= What you have to do =
Please retype the entries below exactly as they are written.

= Data in this exercise =
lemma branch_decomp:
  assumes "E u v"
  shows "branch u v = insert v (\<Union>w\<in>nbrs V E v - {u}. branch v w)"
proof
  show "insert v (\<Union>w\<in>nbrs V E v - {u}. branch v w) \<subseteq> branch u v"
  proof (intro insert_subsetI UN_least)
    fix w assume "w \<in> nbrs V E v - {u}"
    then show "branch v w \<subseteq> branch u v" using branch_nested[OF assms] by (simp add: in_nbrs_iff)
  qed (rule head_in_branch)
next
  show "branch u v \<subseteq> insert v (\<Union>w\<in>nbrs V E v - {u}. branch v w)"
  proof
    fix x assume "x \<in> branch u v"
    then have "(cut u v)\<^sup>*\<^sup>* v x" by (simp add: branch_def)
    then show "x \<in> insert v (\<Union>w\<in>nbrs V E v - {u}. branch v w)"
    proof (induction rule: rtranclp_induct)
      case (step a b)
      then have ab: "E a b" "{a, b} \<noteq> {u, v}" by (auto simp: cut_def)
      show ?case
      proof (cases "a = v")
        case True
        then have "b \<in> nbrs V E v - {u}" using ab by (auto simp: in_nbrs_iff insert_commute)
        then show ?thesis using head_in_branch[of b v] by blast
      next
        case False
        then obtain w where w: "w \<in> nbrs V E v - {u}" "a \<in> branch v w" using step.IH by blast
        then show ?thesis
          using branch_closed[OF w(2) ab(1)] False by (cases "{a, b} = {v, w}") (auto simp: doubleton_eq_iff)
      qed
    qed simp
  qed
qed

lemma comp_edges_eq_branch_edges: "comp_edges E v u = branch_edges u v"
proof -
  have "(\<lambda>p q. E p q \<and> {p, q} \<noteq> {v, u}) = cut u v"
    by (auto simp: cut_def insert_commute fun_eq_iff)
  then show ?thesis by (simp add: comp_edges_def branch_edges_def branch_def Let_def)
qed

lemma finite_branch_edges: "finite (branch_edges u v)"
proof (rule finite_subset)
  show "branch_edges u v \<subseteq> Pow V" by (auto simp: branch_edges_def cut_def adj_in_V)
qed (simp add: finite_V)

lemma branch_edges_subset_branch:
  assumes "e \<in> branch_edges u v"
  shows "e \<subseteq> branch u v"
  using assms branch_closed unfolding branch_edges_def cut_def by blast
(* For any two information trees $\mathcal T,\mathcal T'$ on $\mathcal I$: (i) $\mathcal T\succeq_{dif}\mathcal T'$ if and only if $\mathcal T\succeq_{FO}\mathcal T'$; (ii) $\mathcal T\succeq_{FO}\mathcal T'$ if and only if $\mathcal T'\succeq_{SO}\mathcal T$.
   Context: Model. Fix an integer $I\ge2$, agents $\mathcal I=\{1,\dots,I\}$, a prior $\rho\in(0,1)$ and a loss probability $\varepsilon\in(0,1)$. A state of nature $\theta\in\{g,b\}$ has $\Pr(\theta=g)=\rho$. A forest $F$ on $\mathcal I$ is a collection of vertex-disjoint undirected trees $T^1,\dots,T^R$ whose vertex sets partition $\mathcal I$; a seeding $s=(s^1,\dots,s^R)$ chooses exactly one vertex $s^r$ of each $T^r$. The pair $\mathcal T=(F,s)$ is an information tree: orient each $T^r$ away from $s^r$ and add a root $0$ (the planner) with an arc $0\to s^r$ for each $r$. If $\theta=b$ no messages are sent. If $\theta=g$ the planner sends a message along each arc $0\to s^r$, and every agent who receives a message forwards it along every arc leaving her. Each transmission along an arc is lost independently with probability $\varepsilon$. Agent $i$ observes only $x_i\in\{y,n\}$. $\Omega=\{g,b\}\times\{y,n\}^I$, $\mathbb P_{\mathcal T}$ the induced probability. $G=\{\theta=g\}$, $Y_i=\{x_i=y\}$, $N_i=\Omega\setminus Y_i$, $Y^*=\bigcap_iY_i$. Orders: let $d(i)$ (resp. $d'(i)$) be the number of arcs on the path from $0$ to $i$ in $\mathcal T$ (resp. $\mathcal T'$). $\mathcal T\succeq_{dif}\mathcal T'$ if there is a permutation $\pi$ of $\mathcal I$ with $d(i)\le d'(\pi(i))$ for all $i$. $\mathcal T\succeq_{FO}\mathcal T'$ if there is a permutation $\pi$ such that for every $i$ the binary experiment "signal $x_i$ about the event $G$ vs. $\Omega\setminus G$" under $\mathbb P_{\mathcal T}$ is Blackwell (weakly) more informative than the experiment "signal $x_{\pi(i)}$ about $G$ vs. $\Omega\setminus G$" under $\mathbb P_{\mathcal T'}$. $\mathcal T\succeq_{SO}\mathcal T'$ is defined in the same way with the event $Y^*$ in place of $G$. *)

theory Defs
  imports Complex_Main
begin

= Result for this exercise =
lemma branch_decomp:
  assumes "E u v"
  shows "branch u v = insert v (\<Union>w\<in>nbrs V E v - {u}. branch v w)"
proof
  show "insert v (\<Union>w\<in>nbrs V E v - {u}. branch v w) \<subseteq> branch u v"
  proof (intro insert_subsetI UN_least)
    fix w assume "w \<in> nbrs V E v - {u}"
    then show "branch v w \<subseteq> branch u v" using branch_nested[OF assms] by (simp add: in_nbrs_iff)
  qed (rule head_in_branch)
next
  show "branch u v \<subseteq> insert v (\<Union>w\<in>nbrs V E v - {u}. branch v w)"
  proof
    fix x assume "x \<in> branch u v"
    then have "(cut u v)\<^sup>*\<^sup>* v x" by (simp add: branch_def)
    then show "x \<in> insert v (\<Union>w\<in>nbrs V E v - {u}. branch v w)"
    proof (induction rule: rtranclp_induct)
      case (step a b)
      then have ab: "E a b" "{a, b} \<noteq> {u, v}" by (auto simp: cut_def)
      show ?case
      proof (cases "a = v")
        case True
        then have "b \<in> nbrs V E v - {u}" using ab by (auto simp: in_nbrs_iff insert_commute)
        then show ?thesis using head_in_branch[of b v] by blast
      next
        case False
        then obtain w where w: "w \<in> nbrs V E v - {u}" "a \<in> branch v w" using step.IH by blast
        then show ?thesis
          using branch_closed[OF w(2) ab(1)] False by (cases "{a, b} = {v, w}") (auto simp: doubleton_eq_iff)
      qed
    qed simp
  qed
qed

lemma comp_edges_eq_branch_edges: "comp_edges E v u = branch_edges u v"
proof -
  have "(\<lambda>p q. E p q \<and> {p, q} \<noteq> {v, u}) = cut u v"
    by (auto simp: cut_def insert_commute fun_eq_iff)
  then show ?thesis by (simp add: comp_edges_def branch_edges_def branch_def Let_def)
qed

lemma finite_branch_edges: "finite (branch_edges u v)"
proof (rule finite_subset)
  show "branch_edges u v \<subseteq> Pow V" by (auto simp: branch_edges_def cut_def adj_in_V)
qed (simp add: finite_V)

lemma branch_edges_subset_branch:
  assumes "e \<in> branch_edges u v"
  shows "e \<subseteq> branch u v"
  using assms branch_closed unfolding branch_edges_def cut_def by blast
(* For any two information trees $\mathcal T,\mathcal T'$ on $\mathcal I$: (i) $\mathcal T\succeq_{dif}\mathcal T'$ if and only if $\mathcal T\succeq_{FO}\mathcal T'$; (ii) $\mathcal T\succeq_{FO}\mathcal T'$ if and only if $\mathcal T'\succeq_{SO}\mathcal T$.
   Context: Model. Fix an integer $I\ge2$, agents $\mathcal I=\{1,\dots,I\}$, a prior $\rho\in(0,1)$ and a loss probability $\varepsilon\in(0,1)$. A state of nature $\theta\in\{g,b\}$ has $\Pr(\theta=g)=\rho$. A forest $F$ on $\mathcal I$ is a collection of vertex-disjoint undirected trees $T^1,\dots,T^R$ whose vertex sets partition $\mathcal I$; a seeding $s=(s^1,\dots,s^R)$ chooses exactly one vertex $s^r$ of each $T^r$. The pair $\mathcal T=(F,s)$ is an information tree: orient each $T^r$ away from $s^r$ and add a root $0$ (the planner) with an arc $0\to s^r$ for each $r$. If $\theta=b$ no messages are sent. If $\theta=g$ the planner sends a message along each arc $0\to s^r$, and every agent who receives a message forwards it along every arc leaving her. Each transmission along an arc is lost independently with probability $\varepsilon$. Agent $i$ observes only $x_i\in\{y,n\}$. $\Omega=\{g,b\}\times\{y,n\}^I$, $\mathbb P_{\mathcal T}$ the induced probability. $G=\{\theta=g\}$, $Y_i=\{x_i=y\}$, $N_i=\Omega\setminus Y_i$, $Y^*=\bigcap_iY_i$. Orders: let $d(i)$ (resp. $d'(i)$) be the number of arcs on the path from $0$ to $i$ in $\mathcal T$ (resp. $\mathcal T'$). $\mathcal T\succeq_{dif}\mathcal T'$ if there is a permutation $\pi$ of $\mathcal I$ with $d(i)\le d'(\pi(i))$ for all $i$. $\mathcal T\succeq_{FO}\mathcal T'$ if there is a permutation $\pi$ such that for every $i$ the binary experiment "signal $x_i$ about the event $G$ vs. $\Omega\setminus G$" under $\mathbb P_{\mathcal T}$ is Blackwell (weakly) more informative than the experiment "signal $x_{\pi(i)}$ about $G$ vs. $\Omega\setminus G$" under $\mathbb P_{\mathcal T'}$. $\mathcal T\succeq_{SO}\mathcal T'$ is defined in the same way with the event $Y^*$ in place of $G$. *)

theory Defs
  imports Complex_Main
begin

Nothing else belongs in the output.